#### Task goal
Write down exactly the lines of the records below, beginning with the first and ending with the line that includes "using card_le_inj \<open>finite".

=-=-=-=-=

lemma gis_out_sum_ge:
  fixes w :: "'a \<Rightarrow> real"
  assumes out: "gis_out V d (\<lambda>X. sum w X) thr k T"
    and "Metric_space V d" "finite V" "Q \<subseteq> V" "card Q \<le> k" "separated d (2 * thr) Q"
    and "\<forall>v\<in>V. 0 \<le> w v"
  shows "sum w Q \<le> sum w T"
proof -
  obtain i where reach: "gis_reach V d (\<lambda>X. sum w X) thr k i T"
    and full_or_stuck: "card T = k \<or> cand V d thr T = {}"
    using gis_out_full_or_stuck[OF out] by blast
  have T: "T \<subseteq> V" "finite T" using gis_reach_subset[OF reach] by auto
  have "finite Q" using assms(3,4) finite_subset by blast
  define B where "B = blocked Q d thr T"
  have "B \<subseteq> Q" "finite B" using \<open>finite Q\<close> by (auto simp: B_def blocked_def)
  obtain \<phi> where \<phi>: "inj_on \<phi> B" "\<phi> ` B \<subseteq> T" "\<forall>x\<in>B. w x \<le> w (\<phi> x)"
    and light: "\<forall>x\<in>Q - B. \<forall>u\<in>T. w x \<le> w u"
    using gis_reach_exchange[OF reach assms(2,4,6)] unfolding B_def by blast
  have "card (Q - B) \<le> card (T - \<phi> ` B)"
    using full_or_stuck
  proof
    assume "card T = k"
    then show ?thesis
      using card_Diff_subset[OF finite_imageI[OF \<open>finite B\<close>] \<phi>(2)] card_image[OF \<phi>(1)]
        card_Diff_subset[OF \<open>finite B\<close> \<open>B \<subseteq> Q\<close>] assms(5) by simp
  next
    assume "cand V d thr T = {}"
    then have "Q - B = {}" using cand_iff_not_blocked[OF assms(4)] unfolding B_def by blast
    then show ?thesis by (metis card.empty zero_le)
  qed
  then obtain \<psi> where \<psi>: "\<psi> ` (Q - B) \<subseteq> T - \<phi> ` B" "inj_on \<psi> (Q - B)"
    using card_le_inj \<open>finite Q\<close> T(2) by (metis finite_Diff)
  define h where "h x = (if x \<in> B then \<phi> x else \<psi> x)" for x
  have "inj_on h Q"
    using \<phi>(1) \<psi> \<open>B \<subseteq> Q\<close> unfolding h_def
    by (smt (verit, ccfv_threshold) Diff_iff image_subset_iff inj_on_def set_eq_subset)
  moreover have "h ` Q \<subseteq> T" using \<phi>(2) \<psi>(1) unfolding h_def by auto
  moreover have "\<forall>x\<in>Q. w x \<le> w (h x)" using \<phi>(3) \<psi>(1) light unfolding h_def by auto
  ultimately show ?thesis
    using sum_le_sum_dominating_inj[OF T(2)] T(1) assms(7) by blast
qed

lemma two_le_card_obtains:
  assumes "2 \<le> card S"
  obtains u v where "u \<in> S" "v \<in> S" "u \<noteq> v"
  using assms card_le_Suc0_iff_eq[of S] card.infinite[of S] by force

lemma dist_le_dmax: "finite V \<Longrightarrow> u \<in> V \<Longrightarrow> v \<in> V \<Longrightarrow> d u v \<le> dmax V d"
  unfolding dmax_def by (rule Max_ge) (auto simp: finite_image_set2)

lemma dmax_nonneg: "finite V \<Longrightarrow> V \<noteq> {} \<Longrightarrow> Metric_space V d \<Longrightarrow> 0 \<le> dmax V d"
  using dist_le_dmax Metric_space.nonneg by (metis all_not_in_conv order_trans)

lemma finite_pair_dists: "finite S \<Longrightarrow> finite {d u v | u v. u \<in> S \<and> v \<in> S \<and> u \<noteq> v}"
  by (rule finite_subset[of _ "(\<lambda>(u, v). d u v) ` (S \<times> S)"]) auto

lemma divers_ge:
  assumes "finite S" "separated d c S" "c \<le> dmax V d"
  shows "c \<le> divers V d S"
proof (cases "card S \<ge> 2")
  case True
  then obtain u v where "u \<in> S" "v \<in> S" "u \<noteq> v" by (rule two_le_card_obtains)
  then show ?thesis
    using True assms(2) finite_pair_dists[OF assms(1)]
    by (auto simp: divers_def separated_def intro!: Min.boundedI)
qed (use assms(3) in \<open>simp add: divers_def\<close>)

lemma separated_divers: "finite S \<Longrightarrow> separated d (divers V d S) S"
proof (unfold separated_def, intro ballI impI)
  fix u v assume "finite S" "u \<in> S" "v \<in> S" "u \<noteq> v"
  moreover from this have "card S \<ge> 2"
    using card_mono[of S "{u, v}"] by auto
  ultimately show "divers V d S \<le> d u v"
    using finite_pair_dists[of S d] by (auto simp: divers_def intro!: Min_le)
qed

lemma divers_le_dmax:
  assumes "finite V" "S \<subseteq> V"
  shows "divers V d S \<le> dmax V d"
proof (cases "card S \<ge> 2")
  case True
  then obtain u v where "u \<in> S" "v \<in> S" "u \<noteq> v" by (rule two_le_card_obtains)
  moreover have "finite S" using finite_subset[OF assms(2,1)] .
  ultimately have "divers V d S \<le> d u v"
    using separated_divers[of S d V] unfolding separated_def by blast
  also have "\<dots> \<le> dmax V d"
    using dist_le_dmax[OF assms(1)] assms(2) \<open>u \<in> S\<close> \<open>v \<in> S\<close> by blast
  finally show ?thesis .
qed (simp add: divers_def)

lemma divers_nonneg:
  assumes "finite V" "V \<noteq> {}" "Metric_space V d" "finite S"
  shows "0 \<le> divers V d S"
  using divers_ge[OF assms(4)] dmax_nonneg[OF assms(1-3)] Metric_space.nonneg[OF assms(3)]
  by (simp add: separated_def)

lemma OPT_attained:
  fixes g :: "'a set \<Rightarrow> real"
  assumes "finite V"
  shows "\<exists>S. S \<subseteq> V \<and> card S \<le> k \<and> OPT V d g lam k = fobj V d g lam S"
proof -
  define F where "F = {S. S \<subseteq> V \<and> card S \<le> k}"
  have "finite F" "{} \<in> F" using assms by (auto simp: F_def)
  have "OPT V d g lam k = Max (fobj V d g lam ` F)"
    unfolding OPT_def F_def by (rule arg_cong[where f = Max]) blast
  also have "\<dots> \<in> fobj V d g lam ` F"
    using \<open>finite F\<close> \<open>{} \<in> F\<close> by (intro Max_in) auto
  finally show ?thesis unfolding F_def by blast
qed

lemma gist_loop_ge_start:
  "gist_loop V d g lam k S ds R \<Longrightarrow> fobj V d g lam S \<le> fobj V d g lam R"
  by (induction rule: gist_loop.induct) (auto split: if_splits)

lemma gist_loop_ge_candidates:
  "gist_loop V d g lam k S ds R \<Longrightarrow> thr \<in> set ds \<Longrightarrow>
     \<exists>T. gis_out V d g thr k T \<and> fobj V d g lam T \<le> fobj V d g lam R"
proof (induction rule: gist_loop.induct)
  case (cons thr' T S ds R)
  then show ?case
    using gist_loop_ge_start[OF cons.hyps(2)] by (auto split: if_splits)
qed simp

lemma gist_loop_result:
  "gist_loop V d g lam k S ds R \<Longrightarrow> R = S \<or> (\<exists>thr. gis_out V d g thr k R)"
  by (induction rule: gist_loop.induct) (auto split: if_splits)

lemma finite_power_le:
  fixes x :: real
  assumes "1 < x"
  shows "finite {i::nat. x ^ i \<le> c}"
proof -
  obtain N where "c < x ^ N" using real_arch_pow[OF assms] by blast
  have "{i. x ^ i \<le> c} \<subseteq> {..<N}"
  proof
    fix i assume "i \<in> {i. x ^ i \<le> c}"
    moreover have "N \<le> i \<Longrightarrow> x ^ N \<le> x ^ i" using assms by (simp add: power_increasing)
    ultimately have "\<not> N \<le> i" using \<open>c < x ^ N\<close> by auto
    then show "i \<in> {..<N}" by simp
  qed
  then show ?thesis by (rule finite_subset) simp
qed

lemma finite_thresholds:
  assumes "0 < eps"
  shows "finite (thresholds V d eps)"
proof -
  have "thresholds V d eps = (\<lambda>i. (1 + eps) ^ i * eps * dmax V d / 2) ` {i. (1 + eps) ^ i \<le> 2 / eps}"
    by (auto simp: thresholds_def)
  then show ?thesis using finite_power_le[of "1 + eps" "2 / eps"] assms by simp
qed

lemma thresholds_bounds:
  assumes "0 < eps" "0 \<le> dmax V d" "thr \<in> thresholds V d eps"
  shows "0 \<le> thr \<and> thr \<le> dmax V d"
proof -
  obtain i where i: "(1 + eps) ^ i \<le> 2 / eps" and thr: "thr = (1 + eps) ^ i * eps * dmax V d / 2"
    using assms(3) unfolding thresholds_def by blast
  have "(1 + eps) ^ i * eps \<le> 2" using i assms(1) by (simp add: field_simps)
  then have "(1 + eps) ^ i * eps * dmax V d \<le> 2 * dmax V d" using assms(2) by (rule mult_right_mono)
  then show ?thesis using assms(1,2) unfolding thr by simp
qed

lemma ex_power_bracket:
  fixes x r :: real
  assumes "1 < x" "1 \<le> r"
  shows "\<exists>n. x ^ n \<le> r \<and> r < x ^ Suc n"
proof -
  obtain m where "r < x ^ m" using real_arch_pow[OF assms(1)] by blast
  then show ?thesis
    using ex_least_nat_less[of "\<lambda>n. r < x ^ n" m] assms(2) by (auto simp: not_less)
qed

lemma threshold_bracket:
  assumes "0 < eps" "0 < dmax V d" "eps * dmax V d < r" "r \<le> dmax V d"
  shows "\<exists>thr\<in>thresholds V d eps. 2 * thr \<le> r \<and> r \<le> 2 * thr * (1 + eps)"
proof -
  define D where "D = eps * dmax V d"
  have "0 < D" using assms(1,2) by (simp add: D_def)
  obtain i where i: "(1 + eps) ^ i \<le> r / D" "r / D < (1 + eps) ^ Suc i"
    using ex_power_bracket[of "1 + eps" "r / D"] assms(1,3) \<open>0 < D\<close> D_def by auto
  have "r / D \<le> 2 / eps"
    using assms(1,2,4) \<open>0 < D\<close> unfolding D_def by (simp add: field_simps)
  with i(1) have "(1 + eps) ^ i * eps * dmax V d / 2 \<in> thresholds V d eps"
    unfolding thresholds_def by fastforce
  moreover have "(1 + eps) ^ i * D \<le> r" "r \<le> (1 + eps) ^ Suc i * D"
    using i \<open>0 < D\<close> by (simp_all add: field_simps)
  ultimately show ?thesis
    unfolding D_def by (intro bexI[of _ "(1 + eps) ^ i * eps * dmax V d / 2"]) (auto simp: algebra_simps)
qed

=-=-=-=-=

#### Result of this task
lemma gis_out_sum_ge:
  fixes w :: "'a \<Rightarrow> real"
  assumes out: "gis_out V d (\<lambda>X. sum w X) thr k T"
    and "Metric_space V d" "finite V" "Q \<subseteq> V" "card Q \<le> k" "separated d (2 * thr) Q"
    and "\<forall>v\<in>V. 0 \<le> w v"
  shows "sum w Q \<le> sum w T"
proof -
  obtain i where reach: "gis_reach V d (\<lambda>X. sum w X) thr k i T"
    and full_or_stuck: "card T = k \<or> cand V d thr T = {}"
    using gis_out_full_or_stuck[OF out] by blast
  have T: "T \<subseteq> V" "finite T" using gis_reach_subset[OF reach] by auto
  have "finite Q" using assms(3,4) finite_subset by blast
  define B where "B = blocked Q d thr T"
  have "B \<subseteq> Q" "finite B" using \<open>finite Q\<close> by (auto simp: B_def blocked_def)
  obtain \<phi> where \<phi>: "inj_on \<phi> B" "\<phi> ` B \<subseteq> T" "\<forall>x\<in>B. w x \<le> w (\<phi> x)"
    and light: "\<forall>x\<in>Q - B. \<forall>u\<in>T. w x \<le> w u"
    using gis_reach_exchange[OF reach assms(2,4,6)] unfolding B_def by blast
  have "card (Q - B) \<le> card (T - \<phi> ` B)"
    using full_or_stuck
  proof
    assume "card T = k"
    then show ?thesis
      using card_Diff_subset[OF finite_imageI[OF \<open>finite B\<close>] \<phi>(2)] card_image[OF \<phi>(1)]
        card_Diff_subset[OF \<open>finite B\<close> \<open>B \<subseteq> Q\<close>] assms(5) by simp
  next
    assume "cand V d thr T = {}"
    then have "Q - B = {}" using cand_iff_not_blocked[OF assms(4)] unfolding B_def by blast
    then show ?thesis by (metis card.empty zero_le)
  qed
  then obtain \<psi> where \<psi>: "\<psi> ` (Q - B) \<subseteq> T - \<phi> ` B" "inj_on \<psi> (Q - B)"
    using card_le_inj \<open>finite Q\<close> T(2) by (metis finite_Diff)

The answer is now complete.